Material for the task:
* * * * * * * * *
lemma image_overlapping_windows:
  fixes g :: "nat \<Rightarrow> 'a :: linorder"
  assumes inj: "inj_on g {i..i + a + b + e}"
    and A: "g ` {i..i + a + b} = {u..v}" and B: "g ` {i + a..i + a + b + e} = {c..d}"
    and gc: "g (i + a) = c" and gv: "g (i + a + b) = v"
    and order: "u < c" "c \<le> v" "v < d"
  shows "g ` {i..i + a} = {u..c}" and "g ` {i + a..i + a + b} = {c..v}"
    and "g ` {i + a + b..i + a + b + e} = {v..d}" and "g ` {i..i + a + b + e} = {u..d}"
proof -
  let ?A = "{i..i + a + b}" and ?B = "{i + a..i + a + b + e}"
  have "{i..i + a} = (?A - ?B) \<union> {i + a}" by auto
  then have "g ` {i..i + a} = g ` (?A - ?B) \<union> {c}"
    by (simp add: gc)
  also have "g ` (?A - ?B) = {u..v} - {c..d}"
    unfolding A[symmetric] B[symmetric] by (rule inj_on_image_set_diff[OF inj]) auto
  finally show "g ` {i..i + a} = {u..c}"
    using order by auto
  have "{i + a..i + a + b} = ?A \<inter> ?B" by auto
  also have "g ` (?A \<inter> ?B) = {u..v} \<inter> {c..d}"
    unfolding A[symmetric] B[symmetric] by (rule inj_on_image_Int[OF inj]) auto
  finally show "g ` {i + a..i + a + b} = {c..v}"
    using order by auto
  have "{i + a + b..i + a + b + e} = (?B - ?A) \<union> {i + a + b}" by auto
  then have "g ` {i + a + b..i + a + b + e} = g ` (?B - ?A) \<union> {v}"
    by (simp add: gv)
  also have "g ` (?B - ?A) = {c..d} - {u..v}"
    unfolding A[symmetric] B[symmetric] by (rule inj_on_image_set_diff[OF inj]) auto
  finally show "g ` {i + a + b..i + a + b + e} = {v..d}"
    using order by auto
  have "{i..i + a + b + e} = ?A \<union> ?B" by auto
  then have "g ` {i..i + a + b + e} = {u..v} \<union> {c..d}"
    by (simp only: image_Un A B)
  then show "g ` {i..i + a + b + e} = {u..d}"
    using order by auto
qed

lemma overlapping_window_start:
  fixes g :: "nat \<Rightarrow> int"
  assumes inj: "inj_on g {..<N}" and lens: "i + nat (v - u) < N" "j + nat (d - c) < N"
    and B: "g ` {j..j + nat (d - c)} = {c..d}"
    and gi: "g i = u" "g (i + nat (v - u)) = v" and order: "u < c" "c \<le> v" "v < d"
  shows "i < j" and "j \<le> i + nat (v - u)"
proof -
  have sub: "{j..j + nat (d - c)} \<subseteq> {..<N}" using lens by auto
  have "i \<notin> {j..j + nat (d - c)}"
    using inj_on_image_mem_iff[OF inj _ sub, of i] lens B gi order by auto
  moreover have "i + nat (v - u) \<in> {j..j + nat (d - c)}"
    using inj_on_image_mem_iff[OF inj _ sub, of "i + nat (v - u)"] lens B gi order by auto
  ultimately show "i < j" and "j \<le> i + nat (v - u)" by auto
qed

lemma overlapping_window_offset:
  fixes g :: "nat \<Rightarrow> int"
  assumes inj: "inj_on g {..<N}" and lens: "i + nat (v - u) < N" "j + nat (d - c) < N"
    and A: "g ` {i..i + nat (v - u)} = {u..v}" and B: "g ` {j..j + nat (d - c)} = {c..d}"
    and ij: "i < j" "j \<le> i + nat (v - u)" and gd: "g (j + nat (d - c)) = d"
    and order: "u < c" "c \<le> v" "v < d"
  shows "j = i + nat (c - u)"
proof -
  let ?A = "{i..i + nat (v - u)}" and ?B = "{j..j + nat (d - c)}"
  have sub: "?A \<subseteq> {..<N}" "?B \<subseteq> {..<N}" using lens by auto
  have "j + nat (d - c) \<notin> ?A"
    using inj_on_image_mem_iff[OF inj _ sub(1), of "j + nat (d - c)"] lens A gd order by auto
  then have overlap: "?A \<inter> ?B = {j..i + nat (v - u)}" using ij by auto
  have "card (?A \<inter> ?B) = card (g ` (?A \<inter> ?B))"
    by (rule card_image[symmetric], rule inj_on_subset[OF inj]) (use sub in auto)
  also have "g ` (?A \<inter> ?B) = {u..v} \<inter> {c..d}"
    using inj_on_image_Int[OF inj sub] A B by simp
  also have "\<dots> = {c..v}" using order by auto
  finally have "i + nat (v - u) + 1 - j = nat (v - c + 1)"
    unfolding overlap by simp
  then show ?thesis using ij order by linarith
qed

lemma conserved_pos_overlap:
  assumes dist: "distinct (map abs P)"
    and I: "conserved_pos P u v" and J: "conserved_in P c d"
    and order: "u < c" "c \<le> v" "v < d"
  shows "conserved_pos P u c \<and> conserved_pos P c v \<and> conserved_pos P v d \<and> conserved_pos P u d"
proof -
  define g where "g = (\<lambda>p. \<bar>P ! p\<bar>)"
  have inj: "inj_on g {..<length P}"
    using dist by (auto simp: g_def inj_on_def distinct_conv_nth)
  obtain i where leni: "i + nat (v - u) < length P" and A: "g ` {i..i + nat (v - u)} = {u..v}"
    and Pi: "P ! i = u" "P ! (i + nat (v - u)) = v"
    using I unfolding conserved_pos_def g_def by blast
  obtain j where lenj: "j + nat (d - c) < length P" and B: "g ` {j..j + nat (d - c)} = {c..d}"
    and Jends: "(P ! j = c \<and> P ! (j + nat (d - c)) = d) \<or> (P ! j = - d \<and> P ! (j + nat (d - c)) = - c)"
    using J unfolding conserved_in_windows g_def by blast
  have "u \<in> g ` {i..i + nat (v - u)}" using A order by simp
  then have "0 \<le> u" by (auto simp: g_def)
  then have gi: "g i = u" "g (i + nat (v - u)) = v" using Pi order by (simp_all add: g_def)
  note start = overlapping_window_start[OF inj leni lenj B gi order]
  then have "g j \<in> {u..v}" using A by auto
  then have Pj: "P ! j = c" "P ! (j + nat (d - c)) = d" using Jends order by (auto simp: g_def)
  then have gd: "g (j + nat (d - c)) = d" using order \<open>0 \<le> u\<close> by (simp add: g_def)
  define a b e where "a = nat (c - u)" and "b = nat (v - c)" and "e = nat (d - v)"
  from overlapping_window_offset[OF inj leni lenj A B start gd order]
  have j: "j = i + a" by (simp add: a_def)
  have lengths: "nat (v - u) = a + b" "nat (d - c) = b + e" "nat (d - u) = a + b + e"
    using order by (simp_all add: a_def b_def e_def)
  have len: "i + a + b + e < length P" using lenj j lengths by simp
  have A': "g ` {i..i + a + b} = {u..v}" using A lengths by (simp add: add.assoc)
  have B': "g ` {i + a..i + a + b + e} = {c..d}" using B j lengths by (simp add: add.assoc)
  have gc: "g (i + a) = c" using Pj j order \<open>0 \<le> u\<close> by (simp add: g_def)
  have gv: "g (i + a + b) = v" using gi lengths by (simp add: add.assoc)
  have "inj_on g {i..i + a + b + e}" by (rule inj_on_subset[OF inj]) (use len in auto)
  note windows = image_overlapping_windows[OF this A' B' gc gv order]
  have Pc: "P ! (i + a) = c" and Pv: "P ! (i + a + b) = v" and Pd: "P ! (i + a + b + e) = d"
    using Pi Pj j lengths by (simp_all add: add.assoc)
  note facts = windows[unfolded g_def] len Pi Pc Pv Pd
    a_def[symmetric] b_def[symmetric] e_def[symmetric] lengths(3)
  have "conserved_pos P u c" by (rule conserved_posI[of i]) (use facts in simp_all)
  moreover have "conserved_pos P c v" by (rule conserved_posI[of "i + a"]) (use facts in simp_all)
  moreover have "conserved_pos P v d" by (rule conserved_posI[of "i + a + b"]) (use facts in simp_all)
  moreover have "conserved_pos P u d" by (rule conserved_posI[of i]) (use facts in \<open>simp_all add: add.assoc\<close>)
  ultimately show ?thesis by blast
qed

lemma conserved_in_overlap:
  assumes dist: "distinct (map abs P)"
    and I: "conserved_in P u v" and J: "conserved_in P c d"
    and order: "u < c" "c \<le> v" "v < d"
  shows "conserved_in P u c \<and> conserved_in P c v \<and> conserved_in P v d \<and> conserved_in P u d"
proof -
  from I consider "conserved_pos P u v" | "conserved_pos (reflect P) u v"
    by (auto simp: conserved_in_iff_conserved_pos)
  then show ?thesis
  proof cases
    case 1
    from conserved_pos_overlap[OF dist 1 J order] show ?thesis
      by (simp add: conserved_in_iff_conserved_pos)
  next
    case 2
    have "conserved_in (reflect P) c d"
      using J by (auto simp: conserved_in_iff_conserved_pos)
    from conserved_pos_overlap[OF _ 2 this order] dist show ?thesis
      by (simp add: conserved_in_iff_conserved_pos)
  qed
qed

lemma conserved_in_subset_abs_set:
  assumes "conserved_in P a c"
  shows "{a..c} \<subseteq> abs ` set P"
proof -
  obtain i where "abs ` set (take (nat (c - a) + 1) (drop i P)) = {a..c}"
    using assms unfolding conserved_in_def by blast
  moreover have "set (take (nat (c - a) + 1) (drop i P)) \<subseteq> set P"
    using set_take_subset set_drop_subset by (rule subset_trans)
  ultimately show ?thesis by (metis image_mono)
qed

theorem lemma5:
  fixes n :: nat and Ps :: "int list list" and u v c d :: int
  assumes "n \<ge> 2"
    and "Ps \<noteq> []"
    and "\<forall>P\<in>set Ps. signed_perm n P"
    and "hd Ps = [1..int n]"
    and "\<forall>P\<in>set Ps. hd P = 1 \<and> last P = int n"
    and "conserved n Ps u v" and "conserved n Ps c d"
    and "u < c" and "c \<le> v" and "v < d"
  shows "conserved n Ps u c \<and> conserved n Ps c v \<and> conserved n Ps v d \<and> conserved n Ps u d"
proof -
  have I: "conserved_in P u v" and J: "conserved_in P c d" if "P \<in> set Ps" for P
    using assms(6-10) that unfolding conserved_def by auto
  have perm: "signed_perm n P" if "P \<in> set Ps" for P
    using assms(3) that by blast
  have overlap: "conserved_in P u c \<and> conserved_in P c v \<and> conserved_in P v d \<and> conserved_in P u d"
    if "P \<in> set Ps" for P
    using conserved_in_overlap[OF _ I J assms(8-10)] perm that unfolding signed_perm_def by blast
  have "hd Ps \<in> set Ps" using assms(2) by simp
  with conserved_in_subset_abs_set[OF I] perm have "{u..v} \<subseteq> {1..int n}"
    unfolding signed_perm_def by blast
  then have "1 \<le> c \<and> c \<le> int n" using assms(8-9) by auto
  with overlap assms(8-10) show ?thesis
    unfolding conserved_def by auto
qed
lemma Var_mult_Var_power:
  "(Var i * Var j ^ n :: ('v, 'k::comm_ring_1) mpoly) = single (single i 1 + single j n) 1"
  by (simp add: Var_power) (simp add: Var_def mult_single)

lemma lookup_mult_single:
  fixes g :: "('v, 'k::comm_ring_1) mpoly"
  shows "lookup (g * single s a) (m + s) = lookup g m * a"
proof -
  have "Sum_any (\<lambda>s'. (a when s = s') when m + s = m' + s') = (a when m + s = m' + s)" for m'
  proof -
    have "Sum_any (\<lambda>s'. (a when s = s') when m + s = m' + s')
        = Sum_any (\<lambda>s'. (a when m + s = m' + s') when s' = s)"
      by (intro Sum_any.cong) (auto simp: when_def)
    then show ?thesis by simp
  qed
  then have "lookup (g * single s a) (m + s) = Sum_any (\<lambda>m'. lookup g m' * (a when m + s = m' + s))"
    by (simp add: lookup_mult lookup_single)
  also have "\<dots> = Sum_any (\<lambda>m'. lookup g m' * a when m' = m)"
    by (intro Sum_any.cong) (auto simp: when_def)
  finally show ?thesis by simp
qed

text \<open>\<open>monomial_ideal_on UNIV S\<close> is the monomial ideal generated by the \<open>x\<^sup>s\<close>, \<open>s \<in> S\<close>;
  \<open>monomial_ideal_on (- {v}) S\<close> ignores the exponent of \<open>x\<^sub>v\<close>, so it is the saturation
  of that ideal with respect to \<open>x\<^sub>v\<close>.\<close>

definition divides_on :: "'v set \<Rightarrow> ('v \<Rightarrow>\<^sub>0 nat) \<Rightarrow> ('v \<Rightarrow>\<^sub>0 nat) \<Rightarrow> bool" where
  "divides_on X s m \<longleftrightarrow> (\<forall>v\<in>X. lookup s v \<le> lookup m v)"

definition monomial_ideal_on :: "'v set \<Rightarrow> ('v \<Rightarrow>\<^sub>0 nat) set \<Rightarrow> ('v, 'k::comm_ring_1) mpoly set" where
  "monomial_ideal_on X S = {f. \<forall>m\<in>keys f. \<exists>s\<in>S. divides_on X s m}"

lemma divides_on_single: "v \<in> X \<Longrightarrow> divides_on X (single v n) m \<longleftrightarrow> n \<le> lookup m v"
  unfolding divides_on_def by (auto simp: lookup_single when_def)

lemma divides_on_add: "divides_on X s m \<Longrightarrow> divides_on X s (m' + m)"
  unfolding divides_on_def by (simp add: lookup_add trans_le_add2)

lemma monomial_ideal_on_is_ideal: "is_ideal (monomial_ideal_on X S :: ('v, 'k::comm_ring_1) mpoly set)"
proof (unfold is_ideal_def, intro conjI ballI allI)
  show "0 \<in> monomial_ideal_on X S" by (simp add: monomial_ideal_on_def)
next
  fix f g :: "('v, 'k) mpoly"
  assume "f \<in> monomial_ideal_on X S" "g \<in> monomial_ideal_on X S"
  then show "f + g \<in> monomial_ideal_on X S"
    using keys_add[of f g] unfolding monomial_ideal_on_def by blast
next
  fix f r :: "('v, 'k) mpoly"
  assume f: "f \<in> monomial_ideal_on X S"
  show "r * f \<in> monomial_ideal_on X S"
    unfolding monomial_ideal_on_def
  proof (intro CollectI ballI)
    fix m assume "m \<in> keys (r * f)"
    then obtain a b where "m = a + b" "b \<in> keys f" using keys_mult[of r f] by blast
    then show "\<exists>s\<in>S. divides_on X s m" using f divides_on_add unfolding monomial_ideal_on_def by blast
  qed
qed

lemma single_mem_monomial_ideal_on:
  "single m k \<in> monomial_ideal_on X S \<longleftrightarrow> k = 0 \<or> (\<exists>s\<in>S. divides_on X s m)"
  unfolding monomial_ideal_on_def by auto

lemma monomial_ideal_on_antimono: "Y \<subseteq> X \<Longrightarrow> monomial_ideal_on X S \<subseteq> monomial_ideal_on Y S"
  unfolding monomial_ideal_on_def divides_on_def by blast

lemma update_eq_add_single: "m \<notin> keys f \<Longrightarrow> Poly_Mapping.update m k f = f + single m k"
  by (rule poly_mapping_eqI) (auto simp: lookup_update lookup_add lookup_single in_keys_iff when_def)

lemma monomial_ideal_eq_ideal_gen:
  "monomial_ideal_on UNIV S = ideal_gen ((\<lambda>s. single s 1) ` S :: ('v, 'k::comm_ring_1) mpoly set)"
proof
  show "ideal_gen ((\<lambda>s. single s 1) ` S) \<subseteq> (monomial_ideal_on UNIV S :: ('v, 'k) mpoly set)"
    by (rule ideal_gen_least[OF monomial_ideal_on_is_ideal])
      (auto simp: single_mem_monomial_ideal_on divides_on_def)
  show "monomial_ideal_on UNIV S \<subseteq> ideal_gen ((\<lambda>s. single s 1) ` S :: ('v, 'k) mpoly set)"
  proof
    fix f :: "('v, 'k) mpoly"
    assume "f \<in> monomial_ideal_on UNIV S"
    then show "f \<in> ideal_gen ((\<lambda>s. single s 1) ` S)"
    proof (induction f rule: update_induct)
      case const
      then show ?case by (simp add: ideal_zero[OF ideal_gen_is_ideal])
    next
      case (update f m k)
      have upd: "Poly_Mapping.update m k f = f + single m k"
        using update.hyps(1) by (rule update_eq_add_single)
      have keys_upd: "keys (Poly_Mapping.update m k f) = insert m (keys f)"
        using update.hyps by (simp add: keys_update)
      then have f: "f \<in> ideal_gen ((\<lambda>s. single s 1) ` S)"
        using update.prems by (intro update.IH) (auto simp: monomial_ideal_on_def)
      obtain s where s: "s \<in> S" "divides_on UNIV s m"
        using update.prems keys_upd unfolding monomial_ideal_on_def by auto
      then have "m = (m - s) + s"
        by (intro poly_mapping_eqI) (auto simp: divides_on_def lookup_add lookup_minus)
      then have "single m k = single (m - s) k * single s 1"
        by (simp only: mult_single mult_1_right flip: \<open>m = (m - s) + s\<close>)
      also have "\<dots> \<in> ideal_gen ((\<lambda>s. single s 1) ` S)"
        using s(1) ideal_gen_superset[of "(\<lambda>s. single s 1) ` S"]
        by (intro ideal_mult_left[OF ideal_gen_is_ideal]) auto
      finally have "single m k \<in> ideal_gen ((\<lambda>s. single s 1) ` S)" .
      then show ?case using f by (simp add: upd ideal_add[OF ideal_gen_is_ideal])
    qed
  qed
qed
* * * * * * * * *
Try it: Above are the records; copy each line from them that includes the string "prems".

Reply to the exercise:
        using update.prems by (intro update.IH) (auto simp: monomial_ideal_on_def)
        using update.prems keys_upd unfolding monomial_ideal_on_def by auto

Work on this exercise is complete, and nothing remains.